### WHAT THE EXERCISE ASKS
Wherever a line below holds the word "rule", copy that line.

### SUPPLIED MATERIAL
--*--
lemma eventually_decreasing_LIMSEQ_subseq:
  fixes a :: "nat \<Rightarrow> real"
  assumes dec: "\<And>k. N \<le> k \<Longrightarrow> a (Suc k) \<le> a k"
    and r: "strict_mono r" and lim: "(a \<circ> r) \<longlonglongrightarrow> l"
  shows "a \<longlonglongrightarrow> l"
proof -
  have tail: "decseq (\<lambda>k. a (k + N))"
    using dec by (simp add: decseq_Suc_iff)
  have "l \<le> a (k + N)" for k
  proof (rule LIMSEQ_le_const2[OF lim], intro exI allI impI)
    fix j assume "k + N \<le> j"
    then have "k \<le> r j - N" "r j = r j - N + N"
      using seq_suble[OF r, of j] by auto
    then show "(a \<circ> r) j \<le> a (k + N)"
      using decseqD[OF tail] by (metis comp_apply)
  qed
  then obtain L where "(\<lambda>k. a (k + N)) \<longlonglongrightarrow> L"
    using decseq_convergent[OF tail] by blast
  then have "a \<longlonglongrightarrow> L" by (rule LIMSEQ_offset)
  moreover have "L = l"
    using LIMSEQ_unique[OF LIMSEQ_subseq_LIMSEQ[OF \<open>a \<longlonglongrightarrow> L\<close> r] lim] by simp
  ultimately show ?thesis by simp
qed

lemma small_values_imp_near:
  fixes V :: "'a::metric_space \<Rightarrow> real"
  assumes nonneg: "\<And>y. 0 \<le> V y"
    and forces: "\<And>Y. (\<lambda>k. V (Y k)) \<longlonglongrightarrow> 0 \<Longrightarrow> Y \<longlonglongrightarrow> z"
    and "e > 0"
  obtains \<delta> where "\<delta> > 0" and "\<And>y. V y < \<delta> \<Longrightarrow> dist y z < e"
proof (rule ccontr)
  assume "\<not> thesis"
  then have "\<forall>k::nat. \<exists>y. V y < 1 / Suc k \<and> e \<le> dist y z"
    using that by (metis not_less of_nat_0_less_iff zero_less_Suc zero_less_divide_1_iff)
  then obtain Y where Y: "\<And>k. V (Y k) < 1 / Suc k" "\<And>k. e \<le> dist (Y k) z"
    by metis
  have "(\<lambda>k. V (Y k)) \<longlonglongrightarrow> 0"
  proof (rule tendsto_sandwich[of "\<lambda>k. 0" _ _ "\<lambda>k. 1 / Suc k"])
    show "\<forall>\<^sub>F k in sequentially. V (Y k) \<le> 1 / Suc k"
      using Y(1) by (simp add: less_imp_le del: of_nat_Suc)
    show "(\<lambda>k. 1 / real (Suc k)) \<longlonglongrightarrow> 0"
      by (rule LIMSEQ_Suc[OF lim_const_over_n])
  qed (use nonneg in auto)
  then have "\<forall>\<^sub>F k in sequentially. dist (Y k) z < e"
    using forces \<open>e > 0\<close> by (simp add: tendsto_iff)
  then obtain k where "dist (Y k) z < e"
    by (auto simp: eventually_sequentially)
  with Y(2)[of k] show False by simp
qed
--*--
### TASK RESPONSE
  proof (rule LIMSEQ_le_const2[OF lim], intro exI allI impI)
  then have "a \<longlonglongrightarrow> L" by (rule LIMSEQ_offset)
proof (rule ccontr)
  proof (rule tendsto_sandwich[of "\<lambda>k. 0" _ _ "\<lambda>k. 1 / Suc k"])
      by (rule LIMSEQ_Suc[OF lim_const_over_n])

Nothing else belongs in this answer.